Data for review:
(* In the VI setting below, let $u\in\mathbb{R}^n$ and $y=S(u)$, $q=u-Ay$. Then $S$ is (Fréchet) differentiable at $u$ if and only if $\mathcal K(y)=\{v\in\mathbb{R}^n: v_i=0 \text{ whenever } y_i=0\}$.
   Context: VI setting: $A\in\mathbb{R}^{n\times n}$ symmetric positive definite, $\|v\|_1=\sum_i|v_i|$. For $u\in\mathbb{R}^n$, $S(u)=y$ is the unique solution of $\langle Ay,v-y\rangle+\|v\|_1-\|y\|_1\ge\langle u,v-y\rangle$ for all $v\in\mathbb{R}^n$; equivalently there is $q\in\mathbb{R}^n$ with $Ay+q=u$, $y_iq_i=|y_i|$, $|q_i|\le1$ ($i=1,\dots,n$), and then $q=u-Ay$. Define $\mathcal K(y):=\{v\in\mathbb{R}^n: v_i=0 \text{ if } |q_i|<1;\ v_iq_i\ge0 \text{ if } y_i=0 \text{ and } |q_i|=1\}$. Known facts: $S$ is globally Lipschitz and directionally differentiable, and $\eta=S'(u;h)$ is the unique solution of $\eta\in\mathcal K(y)$, $\langle A\eta,v-\eta\rangle\ge\langle h,v-\eta\rangle$ for all $v\in\mathcal K(y)$. *)

theory Defs
  imports "HOL-Analysis.Analysis"
begin

definition l1norm :: "real ^ 'n \<Rightarrow> real" where
  "l1norm v = (\<Sum>i\<in>UNIV. \<bar>v $ i\<bar>)"

definition spd :: "real ^ 'n ^ 'n \<Rightarrow> bool" where
  "spd A \<longleftrightarrow> transpose A = A \<and> (\<forall>x. x \<noteq> 0 \<longrightarrow> x \<bullet> (A *v x) > 0)"

definition vi_sol :: "real ^ 'n ^ 'n \<Rightarrow> real ^ 'n \<Rightarrow> real ^ 'n \<Rightarrow> bool" where
  "vi_sol A u y \<longleftrightarrow>
     (\<forall>v. (A *v y) \<bullet> (v - y) + l1norm v - l1norm y \<ge> u \<bullet> (v - y))"

text \<open>The solution operator S (the VI has a unique solution when A is SPD).\<close>
definition solop :: "real ^ 'n ^ 'n \<Rightarrow> real ^ 'n \<Rightarrow> real ^ 'n" where
  "solop A u = (THE y. vi_sol A u y)"

text \<open>The critical cone K(y), with q = u - A y.\<close>
definition critcone :: "real ^ 'n \<Rightarrow> real ^ 'n \<Rightarrow> (real ^ 'n) set" where
  "critcone y q = {v. \<forall>i. (\<bar>q $ i\<bar> < 1 \<longrightarrow> v $ i = 0) \<and>
                          (y $ i = 0 \<and> \<bar>q $ i\<bar> = 1 \<longrightarrow> v $ i * q $ i \<ge> 0)}"

end

theory Submission
  imports Defs
begin

text \<open>
  S is well defined because the coercive convex energy y \<bullet> A y / 2 + |y|_1 - u \<bullet> y has a
  minimiser, which solves the VI, and the strong monotonicity of A makes solutions unique and
  Lipschitz in u. The solution y = S(u) is characterised componentwise by q = u - A y being an
  l1-subgradient at y: |q_i| \<le> 1, and q_i = sgn y_i wherever y_i \<noteq> 0.

  If strict complementarity holds (|q_i| < 1 wherever y_i = 0), then for x near u the solution
  S(x) has the same sign pattern as y, so S(x) - y is the unique solution w of the linear system
  w_i = 0 for y_i = 0, (A w)_i = (x - u)_i for y_i \<noteq> 0: S is affine near u.

  If it fails at some i with y_i = 0 and |q_i| = 1, perturb u along e = q_i e_i. Moving
  backwards only shrinks |q_i|, so S(u - t e) = S(u) for 0 \<le> t \<le> 1, forcing S'(u) e = 0;
  moving forwards the i-th component of A (S(u + t e) - S(u)) must absorb the excess t, so
  |S(u + t e) - S(u)| grows linearly in t. Hence S is not differentiable at u.
\<close>

definition l1_subgradient :: "real ^ 'n \<Rightarrow> real ^ 'n \<Rightarrow> bool" where
  "l1_subgradient y q \<longleftrightarrow> (\<forall>i. \<bar>q $ i\<bar> \<le> 1 \<and> y $ i * q $ i = \<bar>y $ i\<bar>)"
(* Let $s,\mu,h_t,\mathbf{V}$ be as below, let $A\in\mathbb{R}^{s\times s}$ and $P\in\mathbb{R}^{s\times s}$ both be weakly positive definite, and let $\mathcal{A},\mathcal{P}:\mathbf{V}\to\mathbf{V}^*$ be defined by $$\langle \mathcal{A}\mathbf{u},\mathbf{v}\rangle=\sum_{i}\langle u_i,v_i\rangle_{L^2}+h_t^{\mu}\sum_{i,j}a_{ij}\langle u_j,v_i\rangle_{H_0^1},\qquad \langle \mathcal{P}\mathbf{u},\mathbf{v}\rangle=\sum_{i}\langle u_i,v_i\rangle_{L^2}+h_t^{\mu}\sum_{i,j}p_{ij}\langle u_j,v_i\rangle_{H_0^1}.$$ Then $\mathcal{P}^{-1}\mathcal{A}:\mathbf{V}\to\mathbf{V}$ is an isomorphism and its condition number $\kappa(\mathcal{P}^{-1}\mathcal{A})=\|\mathcal{P}^{-1}\mathcal{A}\|_{\mathcal{L}(\mathbf{V},\mathbf{V})}\|\mathcal{A}^{-1}\mathcal{P}\|_{\mathcal{L}(\mathbf{V},\mathbf{V})}$ is bounded by a constant depending only on $A$, $P$ and $s$, independent of $h_t>0$. Moreover, if $V_h\subset V$ is any finite-dimensional subspace, $\mathbf{V}_h=V_h^s$, and $\mathcal{A}_h,\mathcal{P}_h:\mathbf{V}_h\to\mathbf{V}_h^*$ are the Galerkin restrictions of $\mathcal{A},\mathcal{P}$ to $\mathbf{V}_h$ (with matrix representations $\mathbb{I}^{s\times s}\otimes M+h_t^{\mu}A\otimes F$ and $\mathbb{I}^{s\times s}\otimes M+h_t^{\mu}P\otimes F$, where $M$ and $F$ are the mass and stiffness matrices $M_{\ell m}=\langle\phi_\ell,\phi_m\rangle_{L^2}$, $F_{\ell m}=\langle\phi_m,\phi_\ell\rangle_{H_0^1}$ for a basis $\{\phi_\ell\}$ of $V_h$), then the condition number of $\mathcal{P}_h^{-1}\mathcal{A}_h$ on $(\mathbf{V}_h,\|\cdot\|_{\mathbf{V}})$ is bounded by a constant independent of both $h_t$ and the subspace $V_h$ (in particular of the mesh size $h$).
   Context: A real matrix $A\in\mathbb{R}^{s\times s}$ is called weakly positive definite if there exists a symmetric positive definite matrix $C\in\mathbb{R}^{s\times s}$ such that $CA$ is positive definite, i.e. $x^TCAx>0$ for all nonzero $x\in\mathbb{R}^s$. Let $\Omega\subset\mathbb{R}^d$ be a bounded polygonal domain whose boundary is partitioned into disjoint parts $\partial\Omega_N,\partial\Omega_D$. Let $\alpha,\beta\in L^\infty(\Omega)$ with $\alpha>0$ (bounded below by a positive constant) and $\beta\ge 0$ on $\Omega$. Let $\mu\in\{1,2\}$, $h_t>0$, $s\in\mathbb{N}$. Define $\langle u,v\rangle_{L^2}=\int_\Omega uv$ and $\langle u,v\rangle_{H_0^1}=\int_\Omega(\alpha\nabla u\cdot\nabla v+\beta uv)$, with $\|u\|_{H_0^1}^2=\langle u,u\rangle_{H_0^1}$. Let $V$ be the space of $H^1(\Omega)$ functions vanishing on $\partial\Omega_D$, with norm $\|u\|_V^2=\|u\|_{L^2}^2+h_t^{\mu}\|u\|_{H_0^1}^2$, and $\mathbf{V}=V^s$ with $\|\mathbf{u}\|_{\mathbf{V}}^2=\sum_i\|u_i\|_V^2$; $\mathbf{V}^*$ is its dual. In particular this applies when $A$ is the Butcher matrix of an A-stable IRK or IRKN method and $P$ is a weakly positive definite approximation of $A$ (e.g. $P=LD$ or $P=DU$ from the LDU factorization $A=LDU$, when these are weakly positive definite). *)

theory Defs
  imports "HOL-Analysis.Analysis"
begin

What you are asked to do:
Across the records above, count each line that holds the word "differentiable" and give only the resulting number.

Response area:
3